Mondine   in   BLUES

I diversi  colori dei canti e delle musiche dai campi:

 blues, ballate, stornelli

 Betty GILMORE, i CANTOSOCIALE  e

 il CORO delle MONDARISO di VALLE  Lomellina 

 in concerto

Entusiasmante e straordinaria fusione di mondi culturali lontani, di terre e voci diverse: quella afroamericana di  Betty Gilmore  e quella lombarda delle Mondine di Valle con il supporto dei Cantosociale a condurre e amalgamare ritmi,suoni e melodie.

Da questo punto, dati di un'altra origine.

(* Let $Q$ be a convex $k$-gon in $\mathbb{R}^2$ with vertices $v_0,\dots,v_{k-1}$ and the origin in its interior. Let $\Theta\subset\mathbb{S}^1$ be the set of directions of the vectors $v_j-v_i$, $i\neq j$, and let $\mathcal{I}$ be the collection of open arcs into which $\Theta$ partitions the unit circle $\mathbb{S}^1$. Then for all ordered pairs of distinct points $(p,q)$ in the plane such that the direction of $\vec{pq}$ lies in the same arc of $\mathcal{I}$, the sequence of edgelet labels along the bisector $b_{pq}$ (traced so that $p$ lies on its left side and $q$ on its right side) is the same.
   Context: A homothetic placement of $Q$ is $x+\lambda Q$ with center $x$ and $\lambda>0$; its edges are identified with the edges $e_0,\dots,e_{k-1}$ of $Q$. $d_Q(x,y)=\min\{\lambda\ge0: y\in x+\lambda Q\}$, and the bisector $b_{pq}=\{x: d_Q(x,p)=d_Q(x,q)\}$, i.e. the locus of centers of placements whose boundary contains $p$ and $q$. An edgelet of $b_{pq}$ with label $(e_i,e_j)$ is a maximal segment of $b_{pq}$ consisting of centers of placements in which $p$ lies in the relative interior of edge $e_i$ and $q$ in the relative interior of edge $e_j$; the bisector is the concatenation of its edgelets. *)

theory Defs
  imports "HOL-Analysis.Analysis"
begin

definition cross2 :: "real^2 \<Rightarrow> real^2 \<Rightarrow> real" where
  "cross2 a b = a$1 * b$2 - a$2 * b$1"

text \<open>Strictly convex position in cyclic order: for every edge, all other vertices lie
  strictly on the same side of its supporting line (the same side for all edges).\<close>
definition convex_kgon :: "nat \<Rightarrow> (nat \<Rightarrow> real^2) \<Rightarrow> bool" where
  "convex_kgon k v \<longleftrightarrow> 3 \<le> k \<and>
     ((\<forall>i<k. \<forall>j<k. j \<noteq> i \<and> j \<noteq> Suc i mod k \<longrightarrow>
          0 < cross2 (v (Suc i mod k) - v i) (v j - v i)) \<or>
      (\<forall>i<k. \<forall>j<k. j \<noteq> i \<and> j \<noteq> Suc i mod k \<longrightarrow>
          cross2 (v (Suc i mod k) - v i) (v j - v i) < 0))"

definition polygon :: "nat \<Rightarrow> (nat \<Rightarrow> real^2) \<Rightarrow> (real^2) set" where
  "polygon k v = convex hull (v ` {..<k})"

definition edge :: "nat \<Rightarrow> (nat \<Rightarrow> real^2) \<Rightarrow> nat \<Rightarrow> (real^2) set" where
  "edge k v i = closed_segment (v i) (v (Suc i mod k))"

definition placement :: "(real^2) set \<Rightarrow> real^2 \<Rightarrow> real \<Rightarrow> (real^2) set" where
  "placement S x r = (\<lambda>z. x + r *\<^sub>R z) ` S"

Uno spontaneo, appassionato incontro-confronto a suon di rime e strofe   ricordando il duro lavoro nei campi   a sottolineare ancora una volta che esiste un filo unico che lega le passioni e i sentimenti  civili dei popoli,al di la di ogni differenza razziale. Culture,generazioni, popoli diversi;un incontro interetnico , lingue e costumi diversi tra loro uniti dal canto e dalla musica più di quanto si possa immaginare.

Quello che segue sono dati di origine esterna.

lemma quartic_jumps_contradict_continuity:
  fixes f :: "real \<Rightarrow> real"
  assumes cont: "continuous_on {a..a + 1} f" and D: "0 < D"
    and small: "D * exp (- f a) \<le> (1 - exp (- 1 / 4)) ^ 4"
    and jump: "\<And>x h. a \<le> x \<Longrightarrow> 0 \<le> h \<Longrightarrow> x + h \<le> a + 1 \<Longrightarrow>
                 f x + exp (f x) * h ^ 4 / D \<le> f (x + h)"
  shows False
proof -
  define q :: real where "q = exp (- 1 / 4)"
  define A where "A = root 4 (D * exp (- f a))"
  have q: "0 < q" "q < 1" "q ^ 4 = exp (- 1)"
    unfolding q_def using exp_of_nat_mult[of 4 "- 1 / 4 :: real"] by auto
  have A: "0 \<le> A" "A ^ 4 = D * exp (- f a)"
    unfolding A_def using D by (auto simp: real_root_ge_zero)
  have "A ^ 4 \<le> (1 - q) ^ 4" using A(2) small unfolding q_def by simp
  then have A_le: "A \<le> 1 - q" using A(1) q by (subst (asm) power_mono_iff) auto
  define p where "p k = a + (\<Sum>j<k. A * q ^ j)" for k
  have p_range: "a \<le> p k \<and> p k \<le> a + 1" for k
    unfolding p_def using sum_geometric_le_1[OF A(1) q(1,2) A_le, of k] A(1) q
    by (auto intro!: sum_nonneg)
  \<comment> \<open>The steps \<open>A q\<^sup>k\<close> have total length at most 1, yet each one raises \<open>f\<close>
     by at least 1, because \<open>q\<^sup>4 = exp (-1)\<close>.\<close>
  have p_grow: "f a + real k \<le> f (p k)" for k
  proof (induction k)
    case 0 then show ?case unfolding p_def by simp
  next
    case (Suc k)
    have "(A * q ^ k) ^ 4 = A ^ 4 * (q ^ 4) ^ k"
      by (metis power_mult power_mult_distrib mult.commute)
    also have "(q ^ 4) ^ k = exp (- real k)"
      using q(3) exp_of_nat_mult[of k "- 1 :: real"] by simp
    finally have step_len: "(A * q ^ k) ^ 4 = D * exp (- f a) * exp (- real k)"
      using A(2) by simp
    have "exp (f (p k)) * (A * q ^ k) ^ 4 / D = exp (f (p k) - f a - real k)"
      unfolding step_len using D by (simp add: exp_diff exp_minus divide_inverse)
    moreover have "1 \<le> exp (f (p k) - f a - real k)" using Suc.IH by simp
    moreover have "f (p k) + exp (f (p k)) * (A * q ^ k) ^ 4 / D \<le> f (p (Suc k))"
      using jump[of "p k" "A * q ^ k"] p_range[of k] p_range[of "Suc k"] A(1) q
      by (simp add: p_def add.assoc)
    ultimately show ?case using Suc.IH by linarith
  qed
  obtain M where M: "\<And>y. y \<in> {a..a + 1} \<Longrightarrow> f y \<le> M"
    using continuous_attains_sup[OF compact_Icc _ cont]
    by (metis atLeastAtMost_iff le_add_same_cancel1 zero_le_one empty_iff)
  define k where "k = nat \<lceil>M - f a\<rceil> + 1"
  have "f (p k) \<le> M" using M p_range[of k] by simp
  moreover have "M - f a < real k" unfolding k_def by linarith
  ultimately show False using p_grow[of k] by linarith
qed

lemma linear_growth_imp_power_exp_small:
  fixes f :: "real \<Rightarrow> real"
  assumes growth: "\<And>s. a \<le> s \<Longrightarrow> f a + (s - a) \<le> f s" and "0 < \<epsilon>"
  obtains R where "a \<le> R" "(R + 1) ^ n * exp (- f R) \<le> \<epsilon>"
proof -
  define K where "K = exp (a - f a + 1)"
  have "0 < K" "0 < \<epsilon> / K" unfolding K_def using assms(2) by auto
  with tendsto_power_div_exp_0[of n]
  have "\<forall>\<^sub>F y in at_top. y ^ n / exp y < \<epsilon> / K" by (intro order_tendstoD(2)) auto
  then obtain Y where Y: "\<And>y. Y \<le> y \<Longrightarrow> y ^ n / exp y < \<epsilon> / K"
    by (auto simp: eventually_at_top_linorder)
  define R where "R = max (max a 0) Y"
  have R: "a \<le> R" "0 \<le> R" "Y \<le> R + 1" unfolding R_def by auto
  have "exp (- f R) \<le> K * exp (- (R + 1))"
    using growth[OF R(1)] unfolding K_def by (simp flip: exp_add)
  then have "(R + 1) ^ n * exp (- f R) \<le> (R + 1) ^ n * (K * exp (- (R + 1)))"
    using R(2) by (intro mult_left_mono) auto
  also have "\<dots> = K * ((R + 1) ^ n / exp (R + 1))"
    unfolding exp_minus by (simp add: divide_inverse)
  also have "\<dots> \<le> \<epsilon>"
    using less_imp_le[OF Y[OF R(3)]] \<open>0 < K\<close> by (simp add: field_simps)
  finally show ?thesis using R(1) that by blast
qed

Sono i canti di lavoro,  della festa, dello spirito;strambotti e work song,ballate e blues dai campi;è il canto funzionale,veicolo di narrazione, di storie, di emozioni singole e di gruppo a guidare uno spettacolo  di emozioni e passioni.

MONDINE IN BLUES prevede performance separate e collettive con la Gilmore,fascinosa signora del blues che interpreta con grande intensità tanto i blues arcaici di Robert Johnson quanto quelli più elettrici di B.B King  e le sue poesie più intimiste. Dopo il coro lomellino di ultrasettantenni ex mondariso con gli originali stornelli satirici,con i canti di lavoro e le ballate narrative scalda i cuori .

Le “ragazzacce” di Valle Lomellina  sono irresistibili quando interpretano con straordinaria vitalità i canti (a sfondo sessuale)più “piccanti”,ricchi di doppi sensi e riescono a commuovere più di una generazione di spettatori quando raccontano le loro storie fatte di fughe in tempo di guerra,di amori giovanili,di scioperi…

A guidare,accompagnare con dialoghi,musiche e canzoni tanto le rime  che i racconti e le performance degli ospiti sono i CANTOSOCIALE che rinunciano in parte al loro repertorio per valorizzare al meglio  l’interazione artistica con le signore .

Il risultato è sorprendente,soprattutto nel finale dello spettacolo quando si vedono cantare tutti insieme mescolando dialetto lomellino e slang americano.

L’emozione è palpabile quando da un canto di schiavi che parla di frustate ricevute si passa ad una versione bluesy triste e arrabbiata di “Bella Ciao” delle mondine.

Da una parte si canta “Basta schiocchi della frusta per me…molti sono scappati via! “ e dall’altra si risponde con “C’è il capo in piedi col suo bastone… ma verrà un giorno che tutti quanti lavoreremo in libertà…!”

Il bello è che ormai si confondono i ritmi e le melodie  e si canta e si suona tutti insieme .

E’ la poesia del lavoro ,il comune sentire di  donne, il legame  forte della storia della gente  che   unisce: i giuvin e i vecc, al bianc el negar, i furest e i paisan.